Let’s take a look at learning rate finder:

learn.lr_find()
SuggestedLRs(valley=0.0012022644514217973)

Let’s train:

learn.fine_tune(5, base_lr=1e-2)
0.00% [0/5 00:00<?]
epoch train_loss valid_loss time

0.00% [0/234 00:00<?]
learn.recorder.plot_loss()

Show predictions on a validation dataset (ds_idx=1, i.e. the validation dataset):

learn.show_results(ds_idx=1, max_n=4, figsize=(6,8))

learn.final_record
(#1) [0.00045044912258163095]

The error or 0.00039 is a mean square error, and y_range was (-1, 1) due to sigmoid, where -1 and 1 are the edges of the image (we can’t predict outside the images), so this means the corresponds average distance is:

math.sqrt(0.00039)
0.019748417658131498

This corresponds to an average being 1.5 pixels off from the target (2 is the iamge width : 0.019 = 160 pixels : x):

0.019*160/2
1.52

Inference

Let’s try to evaluate new images. We need to load RGB images, apparently learn.predict applies the same transformation as in DataLoaders.
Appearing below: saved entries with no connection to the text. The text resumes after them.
lemma norm_poly_node_poly_le_1:
  assumes "is_mesh a n" "s \<in> {-1..0}"
  shows "norm (poly (node_poly a n) (complex_of_real s)) \<le> 1"
proof -
  have "norm (poly (node_poly a n) (complex_of_real s)) = (\<Prod>i\<in>{1..n}. \<bar>s - a i\<bar>)"
    unfolding node_poly_def poly_prod prod_norm[symmetric] by (simp flip: of_real_diff)
  also have "\<dots> \<le> 1"
    using mesh_bounds[OF assms(1)] assms(2) by (intro prod_le_1) force
  finally show ?thesis .
qed

lemma eq_smult_node_poly:
  assumes "is_mesh a n" "degree R \<le> n" "\<forall>i\<in>{1..n}. poly R (cnode a i) = 0"
  shows "R = Polynomial.smult (coeff R n) (node_poly a n)"
proof -
  define E where "E = R - Polynomial.smult (coeff R n) (node_poly a n)"
  have "degree E \<le> n" unfolding E_def using assms(2) node_poly_coeff_bounds(1)[OF assms(1)]
    by (intro degree_diff_le) (auto intro: le_trans[OF degree_smult_le])
  moreover have "coeff E n = 0" unfolding E_def using node_poly_coeff_bounds(2)[OF assms(1)] by simp
  ultimately have "E = 0 \<or> degree E < n" by (metis leading_coeff_0_iff le_neq_implies_less)
  moreover have "degree E < n \<Longrightarrow> E = 0"
  proof (rule poly_zero_if_many_roots[of "cnode a ` {1..n}"])
    have "inj_on (cnode a) {1..n}" using cnode_inj_on[OF assms(1)] by (rule inj_on_subset) auto
    then show "degree E < n \<Longrightarrow> degree E < card (cnode a ` {1..n})" by (simp add: card_image)
    show "\<forall>x\<in>cnode a ` {1..n}. poly E x = 0"
      using assms(3) poly_node_poly_node by (auto simp: E_def)
  qed simp
  ultimately show ?thesis by (auto simp: E_def)
qed

section \<open>Solvability of the collocation system\<close>

definition trivial_kernel :: "nat \<Rightarrow> (nat \<Rightarrow> nat \<Rightarrow> complex) \<Rightarrow> bool" where
  "trivial_kernel n M \<longleftrightarrow>
     (\<forall>y. (\<forall>i\<in>{1..n}. (\<Sum>j=1..n. M i j * y j) = 0) \<longrightarrow> (\<forall>j\<in>{1..n}. y j = 0))"

lemma trivial_kernel_imp_mat_invertible:
  assumes "trivial_kernel n M" shows "mat_invertible n M"
proof -
  define A where "A = mat n n (\<lambda>(i, j). M (Suc i) (Suc j))"
  have A: "A \<in> carrier_mat n n" unfolding A_def by simp
  have "Determinant.det A \<noteq> 0"
  proof
    assume "Determinant.det A = 0"
    then obtain v where v: "v \<in> carrier_vec n" "v \<noteq> 0\<^sub>v n" "A *\<^sub>v v = 0\<^sub>v n"
      using det_0_iff_vec_prod_zero_field[OF A] by auto
    have "(\<Sum>j=1..n. M i j * v $ (j - 1)) = 0" if "i \<in> {1..n}" for i
    proof -
      have i: "i - 1 < n" "Suc (i - 1) = i" using that by auto
      then have "(A *\<^sub>v v) $ (i - 1) = (\<Sum>j<n. M i (Suc j) * v $ j)"
        using v(1) by (simp add: A_def scalar_prod_def lessThan_atLeast0)
      then show ?thesis using i(1) v(3) by (simp add: sum.atLeast1_atMost_eq)
    qed
    then have "v $ j = 0" if "j < n" for j
      using assms that unfolding trivial_kernel_def
      by (elim allE[of _ "\<lambda>j. v $ (j - 1)"]) (auto dest!: bspec[of _ _ "Suc j"])
    then have "v = 0\<^sub>v n" using v(1) by (intro eq_vecI) auto
    then show False using v(2) by simp
  qed
  from det_non_zero_imp_unit[OF A this, of "()"]
  obtain B where B: "B \<in> carrier_mat n n" "B * A = 1\<^sub>m n" "A * B = 1\<^sub>m n"
    unfolding Units_def ring_mat_def by auto
  define B' where "B' i j = B $$ (i - 1, j - 1)" for i j
  show ?thesis unfolding mat_invertible_def
  proof (intro exI[of _ B'] ballI conjI)
    fix i j assume "i \<in> {1..n}" "j \<in> {1..n}"
    then have ij: "i - 1 < n" "Suc (i - 1) = i" "j - 1 < n" "Suc (j - 1) = j" "(i - 1 = j - 1) = (i = j)"
      by auto
    have "(B * A) $$ (i - 1, j - 1) = (\<Sum>k<n. B' i (Suc k) * M (Suc k) j)"
      using ij B(1) by (simp add: A_def scalar_prod_def B'_def lessThan_atLeast0)
    then show "(\<Sum>k=1..n. B' i k * M k j) = (if i = j then 1 else 0)"
      using B(2) ij by (simp add: sum.atLeast1_atMost_eq)
    have "(A * B) $$ (i - 1, j - 1) = (\<Sum>k<n. M i (Suc k) * B' (Suc k) j)"
      using ij B(1) by (simp add: A_def scalar_prod_def B'_def lessThan_atLeast0)
    then show "(\<Sum>k=1..n. M i k * B' k j) = (if i = j then 1 else 0)"
      using B(3) ij by (simp add: sum.atLeast1_atMost_eq)
  qed
qed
It even returns original image if needed (good post for more info):

im_list = [] 
for i in [1,3,4]:
    im_path = f'/notebooks/nbs/mini-projects/15_head_pose/Photo{i}.jpg'
    im_orig, pred, _, _ = learn.predict(im_path, with_input=True)
    point = (pred[0]).detach().cpu().numpy()  # convert predictions to coordinates
    im = ToPILImage()(im_orig/255)
    draw = ImageDraw.Draw(im)
    d = 2
    draw.ellipse((point[0] - d, point[1] - d, point[0] + d, point[1] +d), fill='red')
    im_list.append(im)
_ = plot_pil_images(im_list)

And this is pretty good, even if the head is shifted left and right with respect to the image center.